# Ultimate Dubs who's going on Sunday? Pic of stand added



## Duggy (May 17, 2005)

So who's going to Ultimate Dubs tomorrow?

I'm going up with my son, hope to see some other TT's up there

John


----------



## Spaceman10 (Nov 15, 2011)

Hi John

Me and my son will also be going in the morning.
Hopefully it should be a good day.

See you there.

Phil


----------



## Duggy (May 17, 2005)

See you up there Phil 

John


----------



## Callum-TT (Jun 3, 2013)

There are 4 of us here on the TTOC stand now mate 

Sent from AutoGuide.com Free App


----------



## Duggy (May 17, 2005)

Callum-TT said:


> There are 4 of us here on the TTOC stand now mate
> 
> Sent from AutoGuide.com Free App


Yes mate, been talking to Damo a lot of the day 

Seen the pics on Facebook, stand looking very good  










Definitely 4 TT's to make us proud 8)

John


----------



## tonksy26 (Jan 31, 2011)

Thought there was 5 on the stand ?

Stuck you in the corner out they way have they after last year [smiley=behead.gif]


----------



## Callum-TT (Jun 3, 2013)

tonksy26 said:


> Thought there was 5 on the stand ?
> 
> Stuck you in the corner out they way have they after last year [smiley=behead.gif]


Good location actually.

Right on the entrance to the central hall.

Should have been 5 buy someone pulled out last night. 
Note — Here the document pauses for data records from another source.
lemma trunc_estimator_lower_tail:
  assumes D: "0 < enn2real (d2_t mu p ths t th)" and m: "0 < m"
    and eps: "enn2real (d2_t mu p ths t th) / m \<le> \<epsilon>"
  shows "prob {\<omega> \<in> space M. J_ret mu p R th
                 - (\<Sum>i\<in>{1..<t}. trunc_return m (p th) (Phi_mix p ths t) R (X i \<omega>)) / real (t - 1) > \<epsilon>}
           \<le> exp (- (real (t - 1) * (\<epsilon> - enn2real (d2_t mu p ths t th) / m)\<^sup>2
                     / (2 * enn2real (d2_t mu p ths t th))))"
proof (cases "\<epsilon> = enn2real (d2_t mu p ths t th) / m")
  case False
  define Y where "Y = (\<lambda>i \<omega>. trunc_return m (p th) (Phi_mix p ths t) R (X i \<omega>))"
  define n where "n = real (t - 1)"
  define D where "D = enn2real (d2_t mu p ths t th)"
  define s where "s = \<epsilon> - D / m"
  have n: "0 < n" using t by (simp add: n_def)
  have s: "0 < s" using eps False by (simp add: s_def D_def)
  have d2_fin: "d2_t mu p ths t th \<noteq> \<infinity>" using assms by auto
  note samples = trunc_return_sample_moments[OF d2_fin m Y_def, folded n_def D_def]
  have [measurable]: "Y i \<in> borel_measurable M" if "i \<in> {1..<t}" for i
    using samples(1) that unfolding indep_vars_def by blast
  have "prob {\<omega> \<in> space M. J_ret mu p R th - (\<Sum>i\<in>{1..<t}. Y i \<omega>) / n > \<epsilon>}
      \<le> prob {\<omega> \<in> space M. n * s \<le> (\<Sum>i\<in>{1..<t}. expectation (Y i) - Y i \<omega>)}"
  proof (rule finite_measure_mono)
    show "{\<omega> \<in> space M. J_ret mu p R th - (\<Sum>i\<in>{1..<t}. Y i \<omega>) / n > \<epsilon>}
        \<subseteq> {\<omega> \<in> space M. n * s \<le> (\<Sum>i\<in>{1..<t}. expectation (Y i) - Y i \<omega>)}"
      using samples(5) n by (auto simp: s_def sum_subtractf field_simps)
  qed measurable
  also have "\<dots> \<le> exp (- ((n * s)\<^sup>2 / (2 * (n * D))))"
    using samples n D s by (intro Bernstein_ineq_bounded_nonneg) (auto simp: D_def)
  also have "(n * s)\<^sup>2 / (2 * (n * D)) = n * s\<^sup>2 / (2 * D)"
    using n by (simp add: power2_eq_square)
  finally show ?thesis by (simp add: Y_def n_def D_def s_def)
qed simp

end

lemma J_check_eq_trunc_return:
  "J_check mu p R ths \<alpha> t th xs
     = (\<Sum>i\<in>{1..<t}. trunc_return (M_t mu p ths \<alpha> t th) (p th) (Phi_mix p ths t) R (xs i)) / real (t - 1)"
  by (simp add: J_check_def trunc_return_def)

lemma eta_t_posD:
  assumes "0 < eta_t mu p ths t th"
  shows "0 < enn2real (d2_t mu p ths t th)"
    and "eta_t mu p ths t th = real (t - 1) / enn2real (d2_t mu p ths t th)"
  using assms by (auto simp: eta_t_def zero_less_divide_iff split: if_splits)

lemma M_t_sqrt_eta_t:
  assumes t: "2 \<le> t" and \<alpha>: "1 < \<alpha>" and eta: "0 < eta_t mu p ths t th"
  defines "D \<equiv> enn2real (d2_t mu p ths t th)" and "Mt \<equiv> M_t mu p ths \<alpha> t th"
  shows "0 < Mt"
    and "sqrt (eta_t mu p ths t th / (\<alpha> * ln (real t))) = Mt / D"
    and "sqrt (\<alpha> * ln (real t) / eta_t mu p ths t th) = D / Mt"
proof -
  have D: "0 < D" and eta_eq: "eta_t mu p ths t th = real (t - 1) / D"
    using eta_t_posD[OF eta] by (simp_all add: D_def)
  have L: "0 < \<alpha> * ln (real t)" using t \<alpha> by simp
  have n: "0 < real (t - 1)" using t by simp
  have Mt_sq: "Mt * Mt = real (t - 1) * D / (\<alpha> * ln (real t))"
    using n D L by (simp add: Mt_def M_t_def D_def)
  show Mt: "0 < Mt"
    using n D L by (simp add: Mt_def M_t_def D_def)
  show "sqrt (eta_t mu p ths t th / (\<alpha> * ln (real t))) = Mt / D"
    using Mt D L by (intro real_sqrt_unique) (simp_all add: eta_eq power_divide Mt_sq field_simps power2_eq_square)
  show "sqrt (\<alpha> * ln (real t) / eta_t mu p ths t th) = D / Mt"
    using Mt D n L by (intro real_sqrt_unique) (simp_all add: eta_eq power_divide Mt_sq field_simps power2_eq_square)
qed

theorem lemma3:
  fixes mu :: "'t measure" and p :: "'p \<Rightarrow> 't \<Rightarrow> real" and R :: "'t \<Rightarrow> real"
    and M :: "'w measure" and X :: "nat \<Rightarrow> 'w \<Rightarrow> 't"
    and ths :: "nat \<Rightarrow> 'p" and th :: 'p and t :: nat and \<alpha> \<epsilon> :: real
  assumes dens: "traj_densities mu p"
    and R_meas: "R \<in> borel_measurable mu"
    and R_range: "\<And>x. x \<in> space mu \<Longrightarrow> 0 \<le> R x \<and> R x \<le> 1"
    and t: "t \<ge> 2" and alpha: "\<alpha> > 1"
    and P: "prob_space M"
    and indep: "prob_space.indep_vars M (\<lambda>_. mu) X {1..<t}"
    and distr: "\<And>i. i \<in> {1..<t} \<Longrightarrow> distributed M mu (X i) (\<lambda>x. ennreal (p (ths i) x))"
    and eta_pos: "eta_t mu p ths t th > 0"
    and eps: "\<epsilon> \<ge> 0"
  shows "measure M {\<omega> \<in> space M. J_check mu p R ths \<alpha> t th (\<lambda>i. X i \<omega>) - J_ret mu p R th > \<epsilon>}
           \<le> exp (- (\<epsilon>\<^sup>2 * eta_t mu p ths t th
                     / (2 * (1 + \<epsilon> / 3 * sqrt (eta_t mu p ths t th / (\<alpha> * ln (real t)))))))
         \<and> (\<epsilon> \<ge> sqrt (\<alpha> * ln (real t) / eta_t mu p ths t th) \<longrightarrow>
         measure M {\<omega> \<in> space M. J_ret mu p R th - J_check mu p R ths \<alpha> t th (\<lambda>i. X i \<omega>) > \<epsilon>}
           \<le> exp (- (eta_t mu p ths t th / 2
                     * (\<epsilon> - sqrt (\<alpha> * ln (real t) / eta_t mu p ths t th))\<^sup>2)))"
proof -
  interpret mis_sampling M mu p R X ths t
    using P dens R_meas R_range t indep distr by (simp add: mis_sampling_def mis_sampling_axioms_def)
  define n where "n = real (t - 1)"
  define D where "D = enn2real (d2_t mu p ths t th)"
  define Mt where "Mt = M_t mu p ths \<alpha> t th"
  define \<eta> where "\<eta> = eta_t mu p ths t th"
  have D: "0 < D" and \<eta>: "\<eta> = n / D"
    using eta_t_posD[OF eta_pos] by (simp_all add: D_def n_def \<eta>_def)
  note Mt = M_t_sqrt_eta_t[OF t alpha eta_pos, folded D_def Mt_def \<eta>_def]
  have "prob {\<omega> \<in> space M. J_check mu p R ths \<alpha> t th (\<lambda>i. X i \<omega>) - J_ret mu p R th > \<epsilon>}
      \<le> exp (- (n * \<epsilon>\<^sup>2 / (2 * (D + Mt * \<epsilon> / 3))))"
    using trunc_estimator_upper_tail[OF D[unfolded D_def] Mt(1)[unfolded Mt_def] eps]
    by (simp add: J_check_eq_trunc_return n_def D_def Mt_def)
  also have "n * \<epsilon>\<^sup>2 / (2 * (D + Mt * \<epsilon> / 3)) = \<epsilon>\<^sup>2 * \<eta> / (2 * (1 + \<epsilon> / 3 * sqrt (\<eta> / (\<alpha> * ln (real t)))))"
    unfolding Mt(2) using D by (simp add: \<eta> field_simps)
  moreover have "prob {\<omega> \<in> space M. J_ret mu p R th - J_check mu p R ths \<alpha> t th (\<lambda>i. X i \<omega>) > \<epsilon>}
      \<le> exp (- (\<eta> / 2 * (\<epsilon> - sqrt (\<alpha> * ln (real t) / \<eta>))\<^sup>2))"
    if "sqrt (\<alpha> * ln (real t) / \<eta>) \<le> \<epsilon>"
  proof -
    have "prob {\<omega> \<in> space M. J_ret mu p R th - J_check mu p R ths \<alpha> t th (\<lambda>i. X i \<omega>) > \<epsilon>}
        \<le> exp (- (n * (\<epsilon> - D / Mt)\<^sup>2 / (2 * D)))"
      using trunc_estimator_lower_tail[OF D[unfolded D_def] Mt(1)[unfolded Mt_def]] that[unfolded Mt(3)]
      by (simp add: J_check_eq_trunc_return n_def D_def Mt_def)
    also have "n * (\<epsilon> - D / Mt)\<^sup>2 / (2 * D) = \<eta> / 2 * (\<epsilon> - sqrt (\<alpha> * ln (real t) / \<eta>))\<^sup>2"
      unfolding Mt(3) using D by (simp add: \<eta>)
    finally show ?thesis .
  qed
  ultimately show ?thesis by (simp add: \<eta>_def)
qed

end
Sent from AutoGuide.com Free App


----------



## jamman (May 6, 2002)

Callum-TT said:


> tonksy26 said:
> 
> 
> > Thought there was 5 on the stand ?
> ...


That's a tad late

Have a great time.


----------



## manikm (Feb 17, 2014)

Sunday 9th March

Knutsford Services 
Between junction 18 and 19 of the m6
WA16 0TL

7:30 am, Leave the latest 7:45 am

arrive at telford around 8:30 am

Sent from my GT-I9300 using Tapatalk


----------



## manikm (Feb 17, 2014)

Thats from gti forum

Sent from my GT-I9300 using Tapatalk


----------



## passat16v (Nov 18, 2013)

whos is the cabrio on the stand?

Your TT needs a 3 bar grill 

i have a spare one with me at the holiday Inn


----------



## Duggy (May 17, 2005)

passat16v said:


> whos is the cabrio on the stand?
> 
> Your TT needs a 3 bar grill
> 
> i have a spare one with me at the holiday Inn


That's Callum's Moro cabrio

John


----------



## peter-ss (Sep 3, 2008)

Providing that my car works properly, when I start it in the morning, I'll be going down to arrive at about 10am.
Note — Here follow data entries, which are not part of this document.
(* Let $L$ be a finite-dimensional Lie superalgebra, let $r,s$ be factor sets on $L$, and put $R=(Z(L),L/Z(L),r)$, $S=(Z(L),L/Z(L),s)$, $Z_R=\{(x,0)\in R\}$, $Z_S=\{(x,0)\in S\}$. (1) Let $\lambda:R\to S$ be a Lie superalgebra isomorphism with $\lambda(Z_R)=Z_S$, and let $\mu\in\mathrm{Aut}(L/Z(L))$, $\nu\in\mathrm{Aut}(Z(L))$ be the automorphisms induced by $\lambda$, i.e. $\lambda(0,\bar a)+Z_S=(0,\mu(\bar a))+Z_S$ and $\lambda(x,0)=(\nu(x),0)$ for all $\bar a\in L/Z(L)$, $x\in Z(L)$. Then there exists an even linear map $\gamma:L/Z(L)\to Z(L)$ such that $\nu\big(r(\bar a,\bar b)+\gamma([\bar a,\bar b])\big)=s(\mu(\bar a),\mu(\bar b))$ for all $\bar a,\bar b\in L/Z(L)$. (2) Conversely, if $\mu\in\mathrm{Aut}(L/Z(L))$, $\nu\in\mathrm{Aut}(Z(L))$ and $\delta:L/Z(L)\to Z(L)$ is an even linear map such that $\nu\big(r(\bar a,\bar b)+\delta([\bar a,\bar b])\big)=s(\mu(\bar a),\mu(\bar b))$ for all $\bar a,\bar b$, then there exists a Lie superalgebra isomorphism $\lambda:R\to S$ induced by $\mu$ and $\nu$ (in the sense of (1)) with $\lambda(Z_R)=Z_S$.
   Context: Lie superalgebras over a field of characteristic $\neq 2,3$; homomorphisms and "even linear maps" are degree-preserving. $Z(L)$ is the center. A factor set on $L$ is a bilinear map $r:L/Z(L)\times L/Z(L)\to Z(L)$ with, for homogeneous $\bar a,\bar b,\bar c$: $r(\bar a,\bar b)\in Z(L)_{|\bar a|+|\bar b|}$; $r(\bar a,\bar b)=-(-1)^{|\bar a||\bar b|}r(\bar b,\bar a)$; $r([\bar a,\bar b],\bar c)=r(\bar a,[\bar b,\bar c])-(-1)^{|\bar a||\bar b|}r(\bar b,[\bar a,\bar c])$. For a factor set $r$, $(Z(L),L/Z(L),r)$ is the Lie superalgebra of pairs $(x,\bar a)$, $x\in Z(L)$, $\bar a\in L/Z(L)$, graded componentwise, with componentwise addition and bracket $[(x_1,\bar a),(x_2,\bar b)]=(r(\bar a,\bar b),[\bar a,\bar b])$. *)

theory Defs
  imports Main
begin

text \<open>A (super) vector space / Lie superalgebra over the field 'k, given by a carrier set,
operations, a Z/2-grading (lgr False = even part, lgr True = odd part) and a bracket.\<close>

record ('k, 'a) lsa =
  lcar  :: "'a set"
  lzero :: "'a"
  ladd  :: "'a \<Rightarrow> 'a \<Rightarrow> 'a"
  lsmul :: "'k \<Rightarrow> 'a \<Rightarrow> 'a"
  lgr   :: "bool \<Rightarrow> 'a set"
  lbr   :: "'a \<Rightarrow> 'a \<Rightarrow> 'a"

text \<open>Sign (-1)^(|a||b|) and degree sum |a|+|b| in Z/2 (degrees encoded as bool).\<close>
definition sg :: "bool \<Rightarrow> bool \<Rightarrow> 'k::field" where
  "sg i j = (if i \<and> j then -1 else 1)"

definition dsum :: "bool \<Rightarrow> bool \<Rightarrow> bool" where
  "dsum i j = (i \<noteq> j)"

definition is_vs :: "('k::field, 'a, 'b) lsa_scheme \<Rightarrow> bool" where
  "is_vs A \<longleftrightarrow>
     lzero A \<in> lcar A \<and>
     (\<forall>x\<in>lcar A. \<forall>y\<in>lcar A. ladd A x y \<in> lcar A) \<and>
     (\<forall>c. \<forall>x\<in>lcar A. lsmul A c x \<in> lcar A) \<and>
     (\<forall>x\<in>lcar A. \<forall>y\<in>lcar A. \<forall>z\<in>lcar A. ladd A (ladd A x y) z = ladd A x (ladd A y z)) \<and>
     (\<forall>x\<in>lcar A. \<forall>y\<in>lcar A. ladd A x y = ladd A y x) \<and>
     (\<forall>x\<in>lcar A. ladd A (lzero A) x = x) \<and>
     (\<forall>x\<in>lcar A. \<exists>y\<in>lcar A. ladd A x y = lzero A) \<and>
     (\<forall>c. \<forall>x\<in>lcar A. \<forall>y\<in>lcar A. lsmul A c (ladd A x y) = ladd A (lsmul A c x) (lsmul A c y)) \<and>
     (\<forall>c d. \<forall>x\<in>lcar A. lsmul A (c + d) x = ladd A (lsmul A c x) (lsmul A d x)) \<and>
     (\<forall>c d. \<forall>x\<in>lcar A. lsmul A (c * d) x = lsmul A c (lsmul A d x)) \<and>
     (\<forall>x\<in>lcar A. lsmul A 1 x = x)"

definition is_subspace :: "('k::field, 'a, 'b) lsa_scheme \<Rightarrow> 'a set \<Rightarrow> bool" where
  "is_subspace A U \<longleftrightarrow> U \<subseteq> lcar A \<and> lzero A \<in> U \<and>
     (\<forall>x\<in>U. \<forall>y\<in>U. ladd A x y \<in> U) \<and> (\<forall>c. \<forall>x\<in>U. lsmul A c x \<in> U)"

definition is_lsa :: "('k::field, 'a, 'b) lsa_scheme \<Rightarrow> bool" where
  "is_lsa A \<longleftrightarrow>
     is_vs A \<and>
     (\<forall>i. is_subspace A (lgr A i)) \<and>
     lgr A False \<inter> lgr A True = {lzero A} \<and>
     (\<forall>x\<in>lcar A. \<exists>y\<in>lgr A False. \<exists>z\<in>lgr A True. x = ladd A y z) \<and>
     (\<forall>x\<in>lcar A. \<forall>y\<in>lcar A. lbr A x y \<in> lcar A) \<and>
     (\<forall>x\<in>lcar A. \<forall>y\<in>lcar A. \<forall>z\<in>lcar A. lbr A (ladd A x y) z = ladd A (lbr A x z) (lbr A y z)) \<and>
     (\<forall>x\<in>lcar A. \<forall>y\<in>lcar A. \<forall>z\<in>lcar A. lbr A x (ladd A y z) = ladd A (lbr A x y) (lbr A x z)) \<and>
     (\<forall>c. \<forall>x\<in>lcar A. \<forall>y\<in>lcar A. lbr A (lsmul A c x) y = lsmul A c (lbr A x y)) \<and>
     (\<forall>c. \<forall>x\<in>lcar A. \<forall>y\<in>lcar A. lbr A x (lsmul A c y) = lsmul A c (lbr A x y)) \<and>
     (\<forall>i j. \<forall>x\<in>lgr A i. \<forall>y\<in>lgr A j. lbr A x y \<in> lgr A (dsum i j)) \<and>
     (\<forall>i j. \<forall>x\<in>lgr A i. \<forall>y\<in>lgr A j. lbr A x y = lsmul A (- sg i j) (lbr A y x)) \<and>
     (\<forall>i j. \<forall>x\<in>lgr A i. \<forall>y\<in>lgr A j. \<forall>z\<in>lcar A.
        lbr A (lbr A x y) z = ladd A (lbr A x (lbr A y z)) (lsmul A (- sg i j) (lbr A y (lbr A x z))))"

inductive_set lspan :: "('k::field, 'a, 'b) lsa_scheme \<Rightarrow> 'a set \<Rightarrow> 'a set"
  for A :: "('k::field, 'a, 'b) lsa_scheme" and S :: "'a set" where
  lspan_zero: "lzero A \<in> lspan A S"
| lspan_step: "s \<in> S \<Longrightarrow> v \<in> lspan A S \<Longrightarrow> ladd A (lsmul A c s) v \<in> lspan A S"

definition fin_dim :: "('k::field, 'a, 'b) lsa_scheme \<Rightarrow> bool" where
  "fin_dim A \<longleftrightarrow> (\<exists>S. finite S \<and> S \<subseteq> lcar A \<and> lcar A \<subseteq> lspan A S)"

definition even_lin :: "('k::field, 'a, 'b) lsa_scheme \<Rightarrow> ('k, 'c, 'd) lsa_scheme \<Rightarrow> ('a \<Rightarrow> 'c) \<Rightarrow> bool" where
  "even_lin A B f \<longleftrightarrow>
     (\<forall>x\<in>lcar A. f x \<in> lcar B) \<and>
     (\<forall>x\<in>lcar A. \<forall>y\<in>lcar A. f (ladd A x y) = ladd B (f x) (f y)) \<and>
     (\<forall>c. \<forall>x\<in>lcar A. f (lsmul A c x) = lsmul B c (f x)) \<and>
     (\<forall>i. \<forall>x\<in>lgr A i. f x \<in> lgr B i)"

definition lsa_hom :: "('k::field, 'a, 'b) lsa_scheme \<Rightarrow> ('k, 'c, 'd) lsa_scheme \<Rightarrow> ('a \<Rightarrow> 'c) \<Rightarrow> bool" where
  "lsa_hom A B f \<longleftrightarrow> even_lin A B f \<and>
     (\<forall>x\<in>lcar A. \<forall>y\<in>lcar A. f (lbr A x y) = lbr B (f x) (f y))"

definition lsa_iso :: "('k::field, 'a, 'b) lsa_scheme \<Rightarrow> ('k, 'c, 'd) lsa_scheme \<Rightarrow> ('a \<Rightarrow> 'c) \<Rightarrow> bool" where
  "lsa_iso A B f \<longleftrightarrow> lsa_hom A B f \<and> bij_betw f (lcar A) (lcar B)"

definition lsa_aut :: "('k::field, 'a, 'b) lsa_scheme \<Rightarrow> ('a \<Rightarrow> 'a) \<Rightarrow> bool" where
  "lsa_aut A f \<longleftrightarrow> lsa_iso A A f"

definition center_set :: "('k::field, 'a, 'b) lsa_scheme \<Rightarrow> 'a set" where
  "center_set L = {z \<in> lcar L. \<forall>a\<in>lcar L. lbr L z a = lzero L}"

definition center :: "('k::field, 'a) lsa \<Rightarrow> ('k, 'a) lsa" where
  "center L = L\<lparr>lcar := center_set L, lgr := (\<lambda>i. lgr L i \<inter> center_set L)\<rparr>"

definition coset :: "('k::field, 'a, 'b) lsa_scheme \<Rightarrow> 'a \<Rightarrow> 'a set \<Rightarrow> 'a set" where
  "coset A a I = ladd A a ` I"

definition rep :: "'a set \<Rightarrow> 'a" where
  "rep X = (SOME x. x \<in> X)"

definition quot :: "('k::field, 'a) lsa \<Rightarrow> 'a set \<Rightarrow> ('k, 'a set) lsa" where
  "quot L I =
     \<lparr> lcar = (\<lambda>a. coset L a I) ` lcar L,
       lzero = coset L (lzero L) I,
       ladd = (\<lambda>X Y. coset L (ladd L (rep X) (rep Y)) I),
       lsmul = (\<lambda>c X. coset L (lsmul L c (rep X)) I),
       lgr = (\<lambda>i. (\<lambda>a. coset L a I) ` lgr L i),
       lbr = (\<lambda>X Y. coset L (lbr L (rep X) (rep Y)) I) \<rparr>"

definition quotZ :: "('k::field, 'a) lsa \<Rightarrow> ('k, 'a set) lsa" where
  "quotZ L = quot L (center_set L)"

definition factor_set :: "('k::field, 'a) lsa \<Rightarrow> ('a set \<Rightarrow> 'a set \<Rightarrow> 'a) \<Rightarrow> bool" where
  "factor_set L r \<longleftrightarrow>
    (let Q = quotZ L; Z = center L in
     (\<forall>a\<in>lcar Q. \<forall>b\<in>lcar Q. r a b \<in> lcar Z) \<and>
     (\<forall>a\<in>lcar Q. \<forall>a'\<in>lcar Q. \<forall>b\<in>lcar Q. r (ladd Q a a') b = ladd Z (r a b) (r a' b)) \<and>
     (\<forall>a\<in>lcar Q. \<forall>b\<in>lcar Q. \<forall>b'\<in>lcar Q. r a (ladd Q b b') = ladd Z (r a b) (r a b')) \<and>
     (\<forall>c. \<forall>a\<in>lcar Q. \<forall>b\<in>lcar Q. r (lsmul Q c a) b = lsmul Z c (r a b)) \<and>
     (\<forall>c. \<forall>a\<in>lcar Q. \<forall>b\<in>lcar Q. r a (lsmul Q c b) = lsmul Z c (r a b)) \<and>
     (\<forall>i j. \<forall>a\<in>lgr Q i. \<forall>b\<in>lgr Q j. r a b \<in> lgr Z (dsum i j)) \<and>
     (\<forall>i j. \<forall>a\<in>lgr Q i. \<forall>b\<in>lgr Q j. r a b = lsmul Z (- sg i j) (r b a)) \<and>
     (\<forall>i j k. \<forall>a\<in>lgr Q i. \<forall>b\<in>lgr Q j. \<forall>c\<in>lgr Q k.
        r (lbr Q a b) c = ladd Z (r a (lbr Q b c)) (lsmul Z (- sg i j) (r b (lbr Q a c)))))"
(I've spent most of today repairing my Haldex controller).


















:shock:

Sent from AutoGuide.com App


----------



## Duggy (May 17, 2005)

peter-ss said:


> Providing that my car works properly, when I start it in the morning, I'll be going down to arrive at about 10am.
> 
> (I've spent most of today repairing my Haldex controller).
> 
> ...


Blimey Peter, I wouldn't have the know how of where to start with that :?
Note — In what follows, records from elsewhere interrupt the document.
section \<open>The isomorphisms\<close>

lemma carrier_aut_group_eq_block_ext:
  assumes two: "(2::'a::field) \<noteq> 0" and m: "0 < m"
  shows "carrier (aut_group (Suc m) :: 'a mat monoid) = (\<lambda>Q. block_ext Q 1) ` carrier (orth_group m)"
proof (intro equalityI subsetI)
  let ?e = "unit_vec (Suc m) m :: 'a vec"
  fix A :: "'a mat"
  assume "A \<in> carrier (aut_group (Suc m))"
  then have A: "A \<in> carrier_mat (Suc m) (Suc m)" and orth: "transpose_mat A * A = 1\<^sub>m (Suc m)"
    and Ae: "A *\<^sub>v ?e = ?e"
    by (simp_all add: aut_group_def is_aut_iff[OF two m])
  have "transpose_mat A *\<^sub>v ?e = (transpose_mat A * A) *\<^sub>v ?e"
    using A by (simp add: Ae)
  then have ATe: "transpose_mat A *\<^sub>v ?e = ?e" using orth by simp
  define Q where "Q = upper_left_block m A"
  have Q: "Q \<in> carrier_mat m m" by (simp add: Q_def)
  have A_eq: "A = block_ext Q 1"
    unfolding Q_def using block_ext_upper_left_block[OF A, of 1] Ae ATe by simp
  have "block_ext (transpose_mat Q * Q) 1 = block_ext (1\<^sub>m m) 1"
    using orth Q by (simp add: A_eq transpose_block_ext mult_block_ext block_ext_one)
  then have QQ: "transpose_mat Q * Q = 1\<^sub>m m"
    by (rule block_ext_inject) (use Q in auto)
  then have "Q * transpose_mat Q = 1\<^sub>m m"
    using mat_mult_left_right_inverse[OF _ Q] Q by simp
  with Q QQ A_eq show "A \<in> (\<lambda>Q. block_ext Q 1) ` carrier (orth_group m)"
    by (auto simp: orth_group_def)
next
  fix A :: "'a mat"
  assume "A \<in> (\<lambda>Q. block_ext Q 1) ` carrier (orth_group m)"
  then obtain Q where Q: "Q \<in> carrier_mat m m" and QQ: "transpose_mat Q * Q = 1\<^sub>m m"
    and A_eq: "A = block_ext Q 1"
    by (auto simp: orth_group_def)
  have "transpose_mat A * A = 1\<^sub>m (Suc m)"
    using Q QQ by (simp add: A_eq transpose_block_ext mult_block_ext block_ext_one)
  then show "A \<in> carrier (aut_group (Suc m))"
    using Q by (simp add: aut_group_def is_aut_iff[OF two m] A_eq block_ext_mult_unit_vec)
qed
Fair play if you've fixed it 

Hopefully see you tomorrow

John


----------



## conlechi (May 6, 2006)

Have a great day tomorrow guys 

Can't make it myself due to family stuff , take loads of pics


----------



## Spaceman10 (Nov 15, 2011)

Hi Peter

Nice job of cleaning it up, hope it works mate.

See you at the show if you get it sorted

Phil


----------



## YELLOW_TT (Feb 25, 2004)

I was suppose to be working but now I am sat at home recovering from a dislocated shoulder [smiley=bigcry.gif] so couldn't make it anyway


----------



## Spaceman10 (Nov 15, 2011)

Hi Andy

Sorry to hear about you shoulder, hope it gets better soon.
Take it easy mate.

Phil


----------



## V6RUL (May 28, 2009)

Just landed back in the country, so hope the show is a good one for those that go..
Steve


----------



## Paulj100 (Mar 24, 2009)

+1 Andy hope your shoulder gets better soon matey. Looking forward to seeing lots of pics if the show.

Paul


----------



## jamman (May 6, 2002)

YELLOW_TT said:


> I was suppose to be working but now I am sat at home recovering from a dislocated shoulder [smiley=bigcry.gif] so couldn't make it anyway


Not nice buddy get well soon


----------



## peter-ss (Sep 3, 2008)

It was nice to put more faces to names today.

My photos of the day didn't turn out that great so I'll leave the photo posting to others on this occasion.


----------



## YELLOW_TT (Feb 25, 2004)

Cheers for the thoughts on the + side it's not as bad as the last time I did it don't know if I should :lol: or [smiley=bigcry.gif] lol


----------



## Duggy (May 17, 2005)

peter-ss said:


> It was nice to put more faces to names today.
> 
> My photos of the day didn't turn out that great so I'll leave the photo posting to others on this occasion.


Great to meet you Peter 

I've got a few pics to put up, I know Damo took quite a few as well

John


----------



## neil_audiTT (Sep 1, 2010)

Great show at ultimate dubs this weekend.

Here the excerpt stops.